Given entries below:

lemma curvature_second_term:
  defines "U \<equiv> br X W"
  shows "4 * lmetric \<Phi> (levi_civita br \<Phi> W (levi_civita br \<Phi> X W)) X
    = inner (\<Phi> U) U - l\<^sup>2 * inner (inv \<Phi> U) U"
proof -
  define Q where "Q = levi_civita br \<Phi> X W"
  define V where "V = inv \<Phi> U"
  have QV: "lmetric \<Phi> z V = inner z U" for z
    by (simp add: lmetric_eq_inner_right V_def metric_matrix_inv_right[OF metric])
  have UV: "inner (\<Phi> U) V = inner U U"
    using QV[of U] by (simp add: lmetric_def)
  have "2 * lmetric \<Phi> (levi_civita br \<Phi> W Q) X = l * inner Q U + lmetric \<Phi> U Q"
    using levi_civita_koszul[of W Q X]
    by (simp add: lmetric_bracket_W_against_X lmetric_bracket_X_against_W U_def)
  also have "\<dots> = lmetric \<Phi> Q (l *\<^sub>R V + U)"
    by (simp add: lmetric_add_right lmetric_scaleR_right QV lmetric_commute[of U])
  finally have "4 * lmetric \<Phi> (levi_civita br \<Phi> W Q) X = 2 * lmetric \<Phi> Q (l *\<^sub>R V + U)"
    by simp
  also have "\<dots> = lmetric \<Phi> U (l *\<^sub>R V + U) - l * inner (l *\<^sub>R V + U) U"
    using levi_civita_eigenvector_commuting[of "l *\<^sub>R V + U"] by (simp add: Q_def U_def)
  also have "\<dots> = inner (\<Phi> U) U - l\<^sup>2 * inner V U"
    by (simp add: lmetric_def UV power2_eq_square algebra_simps)
  finally show ?thesis by (simp add: Q_def V_def)
qed

lemma curvature_third_term:
  defines "U \<equiv> br X W"
  shows "2 * lmetric \<Phi> (levi_civita br \<Phi> U W) X = inner (\<Phi> U) U - l * inner U U"
proof -
  have WX: "br W X = - U" using bracket_antisym[of W X] by (simp add: U_def)
  have "lmetric \<Phi> (br U W) X = - l * inner U U"
    by (simp add: lmetric_eigenvector_right bracket_antisym[of U W] bracket_ad_invariant[of W U X] WX)
  moreover have "lmetric \<Phi> (br W X) U = - inner (\<Phi> U) U"
    by (simp add: WX lmetric_def linear_neg[OF \<Phi>_linear])
  ultimately show ?thesis
    using levi_civita_koszul[of U W X] by (simp add: U_def lmetric_bracket_X_against_W)
qed
lemma greedy_sum_le_lovasz_ext: "perm_list \<pi> \<Longrightarrow> greedy_sum f \<pi> x \<le> lovasz_ext f x"
  unfolding lovasz_ext_eq_Max using finite_perm_lists by (intro Max_ge) auto

lemma lovasz_ext_eqI:
  assumes "\<And>\<pi>. perm_list \<pi> \<Longrightarrow> greedy_sum f \<pi> x \<le> c"
    and "perm_list \<pi>" and "greedy_sum f \<pi> x = c"
  shows "lovasz_ext f x = c"
proof (rule antisym)
  show "lovasz_ext f x \<le> c"
    unfolding lovasz_ext_eq_Max using finite_perm_lists assms(1,2) by (subst Max_le_iff) auto
  show "c \<le> lovasz_ext f x"
    using greedy_sum_le_lovasz_ext[OF assms(2), of f x] assms(3) by simp
qed

lemma increasing_setfun_mono:
  assumes "increasing_setfun f" and "S \<subseteq> T"
  shows "f S \<le> f T"
proof -
  have "f S \<le> f (S \<union> (T - S))"
    using assms(1) unfolding increasing_setfun_def by blast
  with assms(2) show ?thesis by (simp add: Un_absorb1)
qed

lemma marginal_gain_nonneg: "increasing_setfun f \<Longrightarrow> 0 \<le> marginal_gain f \<pi> i"
  unfolding marginal_gain_def
  using increasing_setfun_mono set_take_subset_set_take[of i "Suc i" \<pi>] by fastforce

lemma submodular_diminishing_returns:
  assumes "submodular f" and "Q \<subseteq> P" and "a \<notin> P"
  shows "f (insert a P) - f P \<le> f (insert a Q) - f Q"
proof -
  have "f (P \<union> insert a Q) + f (P \<inter> insert a Q) \<le> f P + f (insert a Q)"
    using assms(1) unfolding submodular_def by blast
  moreover have "P \<union> insert a Q = insert a P" and "P \<inter> insert a Q = Q"
    using assms(2,3) by auto
  ultimately show ?thesis by simp
qed
lemma exists_pinned_complement:
  fixes m ft M :: int and F T W :: "int set"
  assumes m: "0 < m"
    and F: "finite F" "F \<noteq> {}" "\<And>f. f \<in> F \<Longrightarrow> m dvd (f - ft)"
    and T: "\<And>t. t \<in> T \<Longrightarrow> M \<le> t"
    and W: "mult_int m - T = sumset F W"
  shows "\<exists>V. pinned_complement m ft M F T V"
proof -
  obtain k where k: "m dvd k" "0 \<le> k" "\<forall>x\<in>F. \<forall>x'\<in>F. 2 * \<bar>x - x'\<bar> < k"
    using exists_multiple_gt_twice_diameter[OF m F(1,2)] by blast
  obtain E where E: "m dvd E" "E < M - k * Max F - 2 * (Max F - Min F)"
    using exists_multiple_less[OF m] by blast
  define R where "R = {u. m dvd (u + ft) \<and> u + Max F < M}"
  define D where "D = collision_set E k F"
  have F_bounds: "Min F \<le> f" "f \<le> Max F" if "f \<in> F" for f
    using that F(1) by simp_all
  have WR: "sumset F (W \<union> R) = mult_int m - T"
    using sumset_Un_ray[OF F(1,3) T W[symmetric]] unfolding R_def .
  have "y - f \<in> W \<union> R" if "y \<in> mult_int m - T" "y < M - Max F + Min F" "f \<in> F" for y f
  proof -
    have "m dvd (y - (f - ft))" using that(1) F(3)[OF that(3)] by (auto simp: mem_mult_int_iff)
    then show ?thesis using that F_bounds[OF that(3)] unfolding R_def by (simp add: algebra_simps)
  qed
  then have "sumset F ((W \<union> R) - D) = mult_int m - T"
    unfolding D_def
  proof (rule sumset_diff_collision_set[OF F(1,2) k(3) WR])
    show "x + Max F < M - Max F + Min F" if "x \<in> collision_set E k F" for x
      using collision_set_bounds(2)[OF F(1) k(2) that] E(2) by arith
  qed
  moreover have "\<exists>L. \<forall>u. m dvd (u + ft) \<longrightarrow> u < L \<longrightarrow> u \<in> (W \<union> R) - D"
  proof (intro exI allI impI)
    fix u assume "m dvd (u + ft)" "u < min (M - Max F) (E + k * Min F - Max F)"
    then show "u \<in> (W \<union> R) - D"
      using collision_set_bounds(1)[OF F(1) k(2)] unfolding R_def D_def by fastforce
  qed
  moreover have "\<exists>z. m dvd z \<and> z < M \<and> (\<forall>a'\<in>F. z - a' \<in> (W \<union> R) - D \<longrightarrow> a' = a)"
    if a: "a \<in> F" for a
  proof (intro exI conjI ballI impI)
    show "m dvd E + k * a" using E(1) k(1) by simp
    have "k * a \<le> k * Max F" using F_bounds(2)[OF a] k(2) by (simp add: mult_left_mono)
    then show "E + k * a < M" using E(2) F_bounds[OF a] by arith
    fix a' assume "a' \<in> F" "E + k * a - a' \<in> (W \<union> R) - D"
    then show "a' = a" using a unfolding D_def collision_set_def by blast
  qed
  ultimately show ?thesis unfolding pinned_complement_def by blast
qed

lemma exists_pinned_complements:
  fixes m ft M :: int and F :: "int set" and I :: "'i set" and T :: "'i \<Rightarrow> int set"
  assumes "0 < m" "finite F" "F \<noteq> {}" "\<And>f. f \<in> F \<Longrightarrow> m dvd (f - ft)"
    and T: "\<And>i t. i \<in> I \<Longrightarrow> t \<in> T i \<Longrightarrow> M \<le> t"
    and W: "\<forall>i\<in>I. \<exists>W. mult_int m - T i = sumset F W"
  shows "\<exists>V. \<forall>i\<in>I. pinned_complement m ft M F (T i) (V i)"
proof (rule bchoice, rule ballI)
  fix i assume i: "i \<in> I"
  then obtain W where "mult_int m - T i = sumset F W" using W by blast
  then show "\<exists>V. pinned_complement m ft M F (T i) V"
    using exists_pinned_complement[where T = "T i" and W = W] assms(1-4) T[OF i] by blast
qed

locale shifted_complements =
  fixes m ft M :: int and A F :: "int set" and n :: nat
    and S :: "nat \<Rightarrow> int set" and s :: "nat \<Rightarrow> int" and V :: "nat \<Rightarrow> int set"
  assumes m_pos: "0 < m"
    and A_dvd: "\<And>a. a \<in> A \<Longrightarrow> m dvd a"
    and A_lower: "\<And>a. a \<in> A \<Longrightarrow> M \<le> a"
    and mult_nat_subset: "mult_nat m \<subseteq> A"
    and F_dvd: "\<And>f. f \<in> F \<Longrightarrow> m dvd (f - ft)"
    and n_pos: "1 \<le> n"
    and S_Union: "(\<Union>i\<in>{1..n}. S i) = A"
    and shifts_distinct: "\<And>i j. i \<in> {1..n} \<Longrightarrow> j \<in> {1..n} \<Longrightarrow> m dvd (s i - s j) \<Longrightarrow> i = j"
    and shifts_apart: "\<And>i j. i \<in> {1..n} \<Longrightarrow> j \<in> {1..n} \<Longrightarrow> \<not> m dvd (s i + ft - s j)"
    and V_pinned: "\<And>i. i \<in> {1..n} \<Longrightarrow> pinned_complement m ft M F (S i) (V i)"
begin

lemma V_sumset: "i \<in> {1..n} \<Longrightarrow> sumset F (V i) = mult_int m - S i"
  using V_pinned unfolding pinned_complement_def by blast

lemma V_tail: "i \<in> {1..n} \<Longrightarrow> \<exists>L. \<forall>u. m dvd (u + ft) \<longrightarrow> u < L \<longrightarrow> u \<in> V i"
  using V_pinned unfolding pinned_complement_def by blast

lemma V_witness: "i \<in> {1..n} \<Longrightarrow> a \<in> F \<Longrightarrow>
    \<exists>z. m dvd z \<and> z < M \<and> (\<forall>a'\<in>F. z - a' \<in> V i \<longrightarrow> a' = a)"
  using V_pinned unfolding pinned_complement_def by blast

definition complement :: "int set" where
  "complement = {w. \<forall>i\<in>{1..n}. (m dvd (w - s i) \<longrightarrow> w = s i)
                                 \<and> (m dvd (w - s i + ft) \<longrightarrow> w - s i \<in> V i)}"

lemma shift_mem_complement:
  assumes "i \<in> {1..n}"
  shows "s i \<in> complement"
  unfolding complement_def
proof (intro CollectI ballI conjI impI)
  fix j assume j: "j \<in> {1..n}"
  show "s i = s j" if "m dvd (s i - s j)" using shifts_distinct[OF assms j that] by simp
  show "s i - s j \<in> V j" if "m dvd (s i - s j + ft)"
    using shifts_apart[OF assms j] that by (simp add: diff_add_eq)
qed

lemma shift_add_mem_complement:
  assumes i: "i \<in> {1..n}" and u: "u \<in> V i" "m dvd (u + ft)"
  shows "s i + u \<in> complement"
  unfolding complement_def
proof (intro CollectI ballI conjI impI)
  fix j assume j: "j \<in> {1..n}"
  show "s i + u = s j" if "m dvd (s i + u - s j)"
  proof -
    have "m dvd ((u + ft) - (s i + u - s j))" using u(2) that by (rule dvd_diff)
    moreover have "(u + ft) - (s i + u - s j) = s j + ft - s i" by simp
    ultimately show ?thesis using shifts_apart[OF j i] by simp
  qed
  show "s i + u - s j \<in> V j" if "m dvd (s i + u - s j + ft)"
  proof -
    have "m dvd ((s i + u - s j + ft) - (u + ft))" using that u(2) by (rule dvd_diff)
    moreover have "(s i + u - s j + ft) - (u + ft) = s i - s j" by simp
    ultimately have "i = j" using shifts_distinct[OF i j] by simp
    then show ?thesis using u(1) by simp
  qed
qed

lemma mem_V_imp_dvd:
  assumes "i \<in> {1..n}" "f \<in> F" "u \<in> V i"
  shows "m dvd (u + ft)"
proof -
  have "f + u \<in> sumset F (V i)" using assms(2,3) by (rule add_mem_sumset)
  then have "m dvd (f + u)" using V_sumset[OF assms(1)] mem_mult_int_iff by blast
  then have "m dvd ((f + u) - (f - ft))" using F_dvd[OF assms(2)] by (rule dvd_diff)
  then show ?thesis by simp
qed

lemma mem_sumset_shift_class:
  assumes i: "i \<in> {1..n}" and z: "m dvd (z - s i)"
  shows "z \<in> sumset (A \<union> F) complement"
proof (cases "z - s i \<in> S i")
  case True
  then have "z - s i \<in> A" using S_Union i by blast
  then have "(z - s i) + s i \<in> sumset (A \<union> F) complement"
    using shift_mem_complement[OF i] by (intro add_mem_sumset) simp_all
  then show ?thesis by simp
next
  case False
  then have "z - s i \<in> sumset F (V i)" using V_sumset[OF i] z mem_mult_int_iff by blast
  then obtain f u where fu: "f \<in> F" "u \<in> V i" "z - s i = f + u" unfolding mem_sumset_iff by blast
  then have "s i + u \<in> complement" using shift_add_mem_complement[OF i] mem_V_imp_dvd[OF i] by blast
  moreover have "z = f + (s i + u)" using fu(3) by simp
  ultimately show ?thesis using fu(1) unfolding mem_sumset_iff by blast
qed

End of Given entries.

Directions >> Write out exactly the lines from the one with "j) = s j + ft" through the end of the records above, both ends included, and leave out all other lines.

Output of the exercise >>
    moreover have "(u + ft) - (s i + u - s j) = s j + ft - s i" by simp
    ultimately show ?thesis using shifts_apart[OF j i] by simp
  qed
  show "s i + u - s j \<in> V j" if "m dvd (s i + u - s j + ft)"
  proof -
    have "m dvd ((s i + u - s j + ft) - (u + ft))" using that u(2) by (rule dvd_diff)
    moreover have "(s i + u - s j + ft) - (u + ft) = s i - s j" by simp
    ultimately have "i = j" using shifts_distinct[OF i j] by simp
    then show ?thesis using u(1) by simp
  qed
qed

lemma mem_V_imp_dvd:
  assumes "i \<in> {1..n}" "f \<in> F" "u \<in> V i"
  shows "m dvd (u + ft)"
proof -
  have "f + u \<in> sumset F (V i)" using assms(2,3) by (rule add_mem_sumset)
  then have "m dvd (f + u)" using V_sumset[OF assms(1)] mem_mult_int_iff by blast
  then have "m dvd ((f + u) - (f - ft))" using F_dvd[OF assms(2)] by (rule dvd_diff)
  then show ?thesis by simp
qed

lemma mem_sumset_shift_class:
  assumes i: "i \<in> {1..n}" and z: "m dvd (z - s i)"
  shows "z \<in> sumset (A \<union> F) complement"
proof (cases "z - s i \<in> S i")
  case True
  then have "z - s i \<in> A" using S_Union i by blast
  then have "(z - s i) + s i \<in> sumset (A \<union> F) complement"
    using shift_mem_complement[OF i] by (intro add_mem_sumset) simp_all
  then show ?thesis by simp
next
  case False
  then have "z - s i \<in> sumset F (V i)" using V_sumset[OF i] z mem_mult_int_iff by blast
  then obtain f u where fu: "f \<in> F" "u \<in> V i" "z - s i = f + u" unfolding mem_sumset_iff by blast
  then have "s i + u \<in> complement" using shift_add_mem_complement[OF i] mem_V_imp_dvd[OF i] by blast
  moreover have "z = f + (s i + u)" using fu(3) by simp
  ultimately show ?thesis using fu(1) unfolding mem_sumset_iff by blast
qed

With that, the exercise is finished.